Unnamed: 0,crime,and,punishment,this,ebook
Doc1,0.445,0.0,0.318,0.0,0.0
Doc2,0.301,0.0,0.187,0.0,0.0
Doc3,0.301,0.0,0.276,0.0,0.0
Doc4,0.825,0.0,0.356,0.0,0.0
Doc5,0.301,0.0,0.187,0.0,0.0
Doc6,0.301,0.0,0.243,0.0,0.0
Doc7,0.392,0.0,0.243,0.0,0.0
Doc8,0.392,0.0,0.276,0.0,0.0
Doc9,0.392,0.0,0.187,0.0,0.0
Doc10,0.301,0.0,0.187,0.0,0.0



### 🗣 Talking Point TD-IDF:
> In this step, we computed the manual TF-IDF weights for selected key terms like 'crime', 'punishment', 'this', and 'ebook' across our document set.

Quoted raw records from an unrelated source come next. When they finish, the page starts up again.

(* Fix $N\in\mathbb{N}_+$. Consider all triples $(N_1,N_2,\lambda)\in\mathbb{N}^3$ with $N_1+N_2\geq1$ such that the symmetric nested array $\mathcal{D}=\mathcal{G}\cup(\max\mathcal{G}-\mathcal{G}+\lambda)$, with $\mathcal{G}=\mathcal{G}_{\mathrm{NA}}(N_1,N_2)$, satisfies $|\mathcal{D}|=N$ and $\mathcal{D}+\mathcal{D}=\{0,\ldots,2\max\mathcal{D}\}$. Among such triples, there is one maximizing the aperture $\max\mathcal{D}$ for which $\mathcal{D}=\mathcal{D}_{\mathrm{CNA}}(N_1',N_2')$ for some $N_1',N_2'\in\mathbb{N}$.
   Context: For $a\in\mathbb{Z}$, $b\in\mathbb{N}_+$, $c\in\mathbb{Z}$, $\{a:b:c\}=\{a,a+b,\ldots\}\cap(-\infty,c]$ (empty if $c<a$), and $\{a:c\}=\{a:1:c\}$. Set sums/differences are elementwise: $\mathcal{A}+\mathcal{B}=\{a+b\}$, $\mathcal{A}+c=\{a+c\}$, $c-\mathcal{A}=\{c-a\}$. For $N_1,N_2\in\mathbb{N}$ let $\mathcal{D}_1=\{0:N_1-1\}$ and $\mathcal{D}_2=\{0:N_1+1:(N_2-1)(N_1+1)\}$. The Nested Array is $\mathcal{G}_{\mathrm{NA}}(N_1,N_2)=\mathcal{D}_1\cup(\mathcal{D}_2+N_1)$. The Concatenated Nested Array is $\mathcal{D}_{\mathrm{CNA}}(N_1,N_2)=\mathcal{D}_1\cup(\mathcal{D}_2+N_1)\cup(\mathcal{D}_1+N_2(N_1+1))$. *)

theory Defs
  imports Main
begin

text \<open>Arithmetic progression set {a:b:c} = {a, a+b, ...} \<inter> (-\<infinity>, c] (empty if c < a).\<close>
definition apset :: "int \<Rightarrow> int \<Rightarrow> int \<Rightarrow> int set" where
  "apset a b c = {a + int k * b | k. a + int k * b \<le> c}"

definition setplus :: "int set \<Rightarrow> int set \<Rightarrow> int set" where
  "setplus A B = {a + b | a b. a \<in> A \<and> b \<in> B}"

definition D1 :: "nat \<Rightarrow> int set" where
  "D1 N1 = apset 0 1 (int N1 - 1)"

definition D2 :: "nat \<Rightarrow> nat \<Rightarrow> int set" where
  "D2 N1 N2 = apset 0 (int N1 + 1) ((int N2 - 1) * (int N1 + 1))"

definition G_NA :: "nat \<Rightarrow> nat \<Rightarrow> int set" where
  "G_NA N1 N2 = D1 N1 \<union> ((\<lambda>x. x + int N1) ` D2 N1 N2)"

definition D_CNA :: "nat \<Rightarrow> nat \<Rightarrow> int set" where
  "D_CNA N1 N2 = D1 N1 \<union> ((\<lambda>x. x + int N1) ` D2 N1 N2)
      \<union> ((\<lambda>x. x + int N2 * (int N1 + 1)) ` D1 N1)"

definition symNA :: "nat \<Rightarrow> nat \<Rightarrow> nat \<Rightarrow> int set" where
  "symNA N1 N2 lam = (let G = G_NA N1 N2 in G \<union> ((\<lambda>g. Max G - g + int lam) ` G))"

definition admissible :: "nat \<Rightarrow> nat \<times> nat \<times> nat \<Rightarrow> bool" where
  "admissible N t = (case t of (N1, N2, lam) \<Rightarrow>
      N1 + N2 \<ge> 1 \<and> card (symNA N1 N2 lam) = N \<and>
      setplus (symNA N1 N2 lam) (symNA N1 N2 lam) = {0 .. 2 * Max (symNA N1 N2 lam)})"

end

theory Submission
  imports Defs
begin

text \<open>Write \<open>p = N\<^sub>1 + 1\<close>, \<open>L = N\<^sub>2 p - 1 = max G\<close> and
  \<open>f(a) = (N - 2a)(a + 1) + a - 1\<close>. The sum set \<open>G + G\<close> contains \<open>{0..L + N\<^sub>1}\<close> but,
  unless \<open>G\<close> is an interval, misses \<open>L + N\<^sub>1 + 1\<close>. Hence for \<open>\<lambda> = N\<^sub>1\<close> the symmetric
  array is a hole-free CNA with \<open>N = 2N\<^sub>1 + N\<^sub>2\<close> sensors and aperture \<open>f(N\<^sub>1)\<close>.
  Conversely a hole-free array forces \<open>\<lambda> \<le> L + N\<^sub>1 + 1\<close>, and counting disjoint pieces of
  \<open>G\<close> and of its reflection gives \<open>N \<ge> 2N\<^sub>1 + t\<close> for some \<open>t\<close> while the aperture is at
  most \<open>t p + N\<^sub>1 - 1 \<le> f(N\<^sub>1)\<close>; an interval array has aperture \<open>N - 1 = f(0)\<close>. So the CNA
  maximising \<open>f\<close> is optimal.\<close>

lemma apset_0_1: "apset 0 1 c = {0..c}"
proof -
  have "x \<in> apset 0 1 c" if "x \<in> {0..c}" for x
    using that unfolding apset_def by (auto intro!: exI[of _ "nat x"])
  then show ?thesis unfolding apset_def by auto
qed

lemma D1_eq: "D1 n = {0..int n - 1}"
  unfolding D1_def by (simp add: apset_0_1)

lemma D2_eq: "D2 n1 n2 = (\<lambda>k. int k * (int n1 + 1)) ` {..<n2}"
proof -
  have "int k * (int n1 + 1) \<le> (int n2 - 1) * (int n1 + 1) \<longleftrightarrow> k < n2" for k
    by (subst mult_le_cancel_right_pos) auto
  then show ?thesis unfolding D2_def apset_def by auto
qed

lemma G_NA_eq: "G_NA n1 n2 = {0..int n1 - 1} \<union> (\<lambda>k. int k * (int n1 + 1) + int n1) ` {..<n2}"
  unfolding G_NA_def D1_eq D2_eq by (simp add: image_image)

lemma G_NA_0_right: "G_NA n 0 = {0..int n - 1}"
  by (simp add: G_NA_eq)

lemma G_NA_1_right: "G_NA n 1 = {0..int n}"
  by (auto simp: G_NA_eq lessThan_Suc)

lemma G_NA_0_left: "G_NA 0 n = {0..int n - 1}"
proof -
  have "int ` {..<n} = {0..int n - 1}"
    by (auto simp: image_iff intro!: bexI[of _ "nat x" for x])
  then show ?thesis by (simp add: G_NA_eq)
qed

text \<open>The symmetric array depends on \<open>N1, N2\<close> only through the set \<open>G_NA N1 N2\<close>.\<close>
lemma G_NA_normal_form:
  assumes "n1 + n2 \<ge> 1"
  obtains m1 m2 where "G_NA n1 n2 = G_NA m1 m2" "m2 \<ge> 1" "m1 = 0 \<longrightarrow> m2 = 1"
proof (cases "n1 \<ge> 1 \<and> n2 \<ge> 1")
  case True then show ?thesis by (intro that[of n1 n2]) auto
next
  case False
  then consider "n1 = 0" "n2 \<ge> 1" | "n2 = 0" "n1 \<ge> 1" using assms by linarith
  then have "G_NA n1 n2 = {0..int (n1 + n2 - 1)}"
    by cases (simp_all add: G_NA_0_left G_NA_0_right of_nat_diff)
  then have "G_NA n1 n2 = G_NA (n1 + n2 - 1) 1"
    by (simp only: G_NA_1_right)
  then show ?thesis by (intro that) auto
qed

lemma symNA_cong: "G_NA n1 n2 = G_NA m1 m2 \<Longrightarrow> symNA n1 n2 lam = symNA m1 m2 lam"
  unfolding symNA_def by simp

lemma setplus_mono: "A \<subseteq> A' \<Longrightarrow> B \<subseteq> B' \<Longrightarrow> setplus A B \<subseteq> setplus A' B'"
  unfolding setplus_def by blast

lemma setplus_symmetric_eq:
  fixes D :: "int set"
  assumes sub: "D \<subseteq> {0..M}" and sym: "\<And>x. x \<in> D \<Longrightarrow> M - x \<in> D"
    and low: "{0..M} \<subseteq> setplus D D"
  shows "setplus D D = {0..2*M}"
proof
  show "setplus D D \<subseteq> {0..2*M}"
  proof
    fix x assume "x \<in> setplus D D"
    then obtain a b where "x = a + b" "a \<in> {0..M}" "b \<in> {0..M}"
      using sub unfolding setplus_def by blast
    then show "x \<in> {0..2*M}" by simp
  qed
  show "{0..2*M} \<subseteq> setplus D D"
  proof
    fix x assume x: "x \<in> {0..2*M}"
    show "x \<in> setplus D D"
    proof (cases "x \<le> M")
      case True then show ?thesis using low x by auto
    next
      case False
      then have "2*M - x \<in> setplus D D" using low x by auto
      then obtain a b where ab: "2*M - x = a + b" "a \<in> D" "b \<in> D" unfolding setplus_def by auto
      then have "x = (M - a) + (M - b)" by simp
      then show ?thesis using sym ab unfolding setplus_def by blast
    qed
  qed
qed

lemma image_reflect_atLeastAtMost:
  "(\<lambda>g. c - g + l) ` {a..b} = {c - b + l..c - a + (l::int)}"
proof -
  have "(\<lambda>g. c - g + l) ` {a..b} = (\<lambda>x. x + l) ` ((-) c ` {a..b})"
    by (simp only: image_image)
  then show ?thesis by simp
qed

As seen in the output, the term 'crime' appears frequently and with higher weight in multiple documents, while 'punishment' and 'ebook' show zero TF-IDF—indicating that either these terms are absent or not frequent enough to impact weighting. This insight helps us identify which documents are most contextually relevant to specific themes like crime and punishment.